Crudable Rails
crudable-rails is a Ruby on Rails gem that provides a set of helpers and modules to simplify the implementation of CRUD operations in Rails controllers.
It uses the following gems to enhance the functionality:
Punditfor authorizationKaminarifor paginationFriendlyIdfor friendly findersHasScopefor filteringDiscardfor soft deletion
Installation
Add this line to your application's Gemfile:
gem "crudable-rails"
And then execute:
$ bundle install
Or install it yourself as:
$ gem install crudable-rails
Then run the install generator in your Rails application:
bin/rails generate crudable:install
This sets config.action_controller.raise_on_missing_callback_actions to true in any environment file under config/environments/ that currently sets it to false. Crudable controllers rely on before_action callbacks; enabling this setting helps catch invalid only / except options early in development and test.
You can also run the same step as a Rake task:
bin/rails crudable:install
Usage
Controller Setup
To use crudable-rails in your controllers, call the crudable method.
Generators
The gem ships Rails generators to scaffold resources with a Crudable controller. Generated controllers include crudable, a permitted_params method, and commented examples of every override hook with its default implementation — uncomment and tailor as needed.

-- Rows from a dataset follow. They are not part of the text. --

(* Let $f_{\mu_1\cdots\mu_p}$ be a rank-$p$ antisymmetric affine tensor field on $(M,g)$ and let $h_{\mu_1\cdots\mu_p}$ be a covariantly constant antisymmetric tensor field of the same rank $p$ ($\nabla_\sigma h_{\mu_1\cdots\mu_p}=0$). Then the symmetric tensor field $$K_{\mu\nu}=f_{(\mu|\rho_1\cdots\rho_{p-1}|}\,h_{\nu)}{}^{\rho_1\cdots\rho_{p-1}}$$ is a rank-$2$ symmetric affine tensor field, i.e. $\nabla_\sigma\nabla_{(\mu}K_{\nu\rho)}=0$.
   Context: $(M,g)$ is a smooth $n$-dimensional pseudo-Riemannian manifold with Levi-Civita connection $\nabla$; indices are raised and lowered with $g$. Symmetrization $(\cdots)$ and antisymmetrization $[\cdots]$ over $k$ indices carry weight $1/k!$, and indices enclosed in vertical bars $|\cdots|$ are excluded from (anti)symmetrization. A rank-$p$ antisymmetric affine tensor field (AAT) is a totally antisymmetric tensor field $f_{\mu_1\cdots\mu_p}=f_{[\mu_1\cdots\mu_p]}$ satisfying $\nabla_\mu\nabla_{(\nu}f_{\rho_1)\rho_2\cdots\rho_p}=0$. A rank-$q$ symmetric affine tensor field (SAT) is a totally symmetric tensor field $K_{\mu_1\cdots\mu_q}=K_{(\mu_1\cdots\mu_q)}$ satisfying $\nabla_\mu\nabla_{(\nu}K_{\rho_1\cdots\rho_q)}=0$. *)

theory Defs
  imports "HOL-Analysis.Analysis" "HOL-Combinatorics.Permutations"
begin

text \<open>Local-coordinate model: a chart domain U (open subset of R^n, coordinates indexed
by a finite type 'n). A covariant tensor field of rank r is a function
T :: point => index list => real, where only index lists of length r matter.\<close>

definition pd :: "'n::finite \<Rightarrow> (real^'n \<Rightarrow> real) \<Rightarrow> real^'n \<Rightarrow> real" where
  "pd i F x = deriv (\<lambda>t. F (x + t *\<^sub>R axis i 1)) 0"

fun iterpd :: "'n::finite list \<Rightarrow> (real^'n \<Rightarrow> real) \<Rightarrow> (real^'n \<Rightarrow> real)" where
  "iterpd [] F = F"
| "iterpd (i # is) F = pd i (iterpd is F)"

definition Cinf_on :: "(real^'n::finite) set \<Rightarrow> (real^'n \<Rightarrow> real) \<Rightarrow> bool" where
  "Cinf_on U F \<longleftrightarrow> (\<forall>is. iterpd is F differentiable_on U)"

definition metric_field :: "(real^'n::finite) set \<Rightarrow> (real^'n \<Rightarrow> real^'n^'n) \<Rightarrow> bool" where
  "metric_field U G \<longleftrightarrow>
     (\<forall>x\<in>U. transpose (G x) = G x \<and> invertible (G x)) \<and>
     (\<forall>i j. Cinf_on U (\<lambda>x. G x $ i $ j))"

definition ginv :: "(real^'n::finite \<Rightarrow> real^'n^'n) \<Rightarrow> real^'n \<Rightarrow> 'n \<Rightarrow> 'n \<Rightarrow> real" where
  "ginv G x i j = matrix_inv (G x) $ i $ j"

definition christoffel :: "(real^'n::finite \<Rightarrow> real^'n^'n) \<Rightarrow> real^'n \<Rightarrow> 'n \<Rightarrow> 'n \<Rightarrow> 'n \<Rightarrow> real" where
  "christoffel G x l m n = (1/2) * (\<Sum>k\<in>UNIV. ginv G x l k *
      (pd m (\<lambda>y. G y $ k $ n) x + pd n (\<lambda>y. G y $ k $ m) x - pd k (\<lambda>y. G y $ m $ n) x))"

text \<open>Levi-Civita covariant derivative of a covariant tensor field; the derivative
index is placed first: (nabla T)_{s j1...jr} = nabla_s T_{j1...jr}.\<close>
fun nabla :: "(real^'n::finite \<Rightarrow> real^'n^'n) \<Rightarrow> (real^'n \<Rightarrow> 'n list \<Rightarrow> real)
              \<Rightarrow> real^'n \<Rightarrow> 'n list \<Rightarrow> real" where
  "nabla G T x [] = 0"
| "nabla G T x (s # js) = pd s (\<lambda>y. T y js) x
     - (\<Sum>k<length js. \<Sum>l\<in>UNIV. christoffel G x l s (js ! k) * T x (js[k := l]))"

definition perm_idx :: "(nat \<Rightarrow> nat) \<Rightarrow> 'a list \<Rightarrow> 'a list" where
  "perm_idx \<sigma> is = map (\<lambda>k. is ! \<sigma> k) [0..<length is]"

definition symmetrize :: "nat set \<Rightarrow> ('a list \<Rightarrow> real) \<Rightarrow> 'a list \<Rightarrow> real" where
  "symmetrize A t is = (1 / fact (card A)) * (\<Sum>\<sigma>\<in>{\<sigma>. \<sigma> permutes A}. t (perm_idx \<sigma> is))"

definition antisymmetrize :: "nat set \<Rightarrow> ('a list \<Rightarrow> real) \<Rightarrow> 'a list \<Rightarrow> real" where
  "antisymmetrize A t is =
     (1 / fact (card A)) * (\<Sum>\<sigma>\<in>{\<sigma>. \<sigma> permutes A}. of_int (sign \<sigma>) * t (perm_idx \<sigma> is))"

definition tensor_field :: "(real^'n::finite) set \<Rightarrow> nat \<Rightarrow> (real^'n \<Rightarrow> 'n list \<Rightarrow> real) \<Rightarrow> bool" where
  "tensor_field U r T \<longleftrightarrow> (\<forall>is. length is = r \<longrightarrow> Cinf_on U (\<lambda>x. T x is))"

definition antisym_tensor_field :: "(real^'n::finite) set \<Rightarrow> nat \<Rightarrow> (real^'n \<Rightarrow> 'n list \<Rightarrow> real) \<Rightarrow> bool" where
  "antisym_tensor_field U r T \<longleftrightarrow> tensor_field U r T \<and>
     (\<forall>x\<in>U. \<forall>is. length is = r \<longrightarrow> T x is = antisymmetrize {0..<r} (T x) is)"

definition sym_tensor_field :: "(real^'n::finite) set \<Rightarrow> nat \<Rightarrow> (real^'n \<Rightarrow> 'n list \<Rightarrow> real) \<Rightarrow> bool" where
  "sym_tensor_field U r T \<longleftrightarrow> tensor_field U r T \<and>
     (\<forall>x\<in>U. \<forall>is. length is = r \<longrightarrow> T x is = symmetrize {0..<r} (T x) is)"

text \<open>Antisymmetric affine tensor field: nabla_mu nabla_(nu f_rho1) rho2...rhop = 0,
i.e. symmetrization over positions 1 and 2 of nabla nabla f.\<close>
definition AAT :: "(real^'n::finite) set \<Rightarrow> (real^'n \<Rightarrow> real^'n^'n) \<Rightarrow> nat
                   \<Rightarrow> (real^'n \<Rightarrow> 'n list \<Rightarrow> real) \<Rightarrow> bool" where
  "AAT U G p f \<longleftrightarrow> antisym_tensor_field U p f \<and>
     (\<forall>x\<in>U. \<forall>is. length is = p + 2 \<longrightarrow> symmetrize {1..<3} (nabla G (nabla G f) x) is = 0)"

text \<open>Symmetric affine tensor field: nabla_mu nabla_(nu K_rho1...rhoq) = 0,
i.e. symmetrization over positions 1..q+1 of nabla nabla K.\<close>
definition SAT :: "(real^'n::finite) set \<Rightarrow> (real^'n \<Rightarrow> real^'n^'n) \<Rightarrow> nat
                   \<Rightarrow> (real^'n \<Rightarrow> 'n list \<Rightarrow> real) \<Rightarrow> bool" where
  "SAT U G q K \<longleftrightarrow> sym_tensor_field U q K \<and>
     (\<forall>x\<in>U. \<forall>is. length is = q + 2 \<longrightarrow> symmetrize {1..<q+2} (nabla G (nabla G K) x) is = 0)"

Full scaffold — model, migration, views, routes, tests, and a Crudable controller (same output as rails generate scaffold, but with a Crudable controller):
bin/rails generate crudable:scaffold Post title:string body:text
bin/rails generate crudable:scaffold Post title:string body:text --turbo-forms
With --turbo-forms, generated new.turbo_stream.erb and edit.turbo_stream.erb templates re-render the scaffold _form partial on validation failure. HTML views and _form are left to the scaffold generator (for example tailwindcss-rails or your view component extension). The _form partial should expose a dom_id(record, :form) target so turbo_stream responses can replace it inline.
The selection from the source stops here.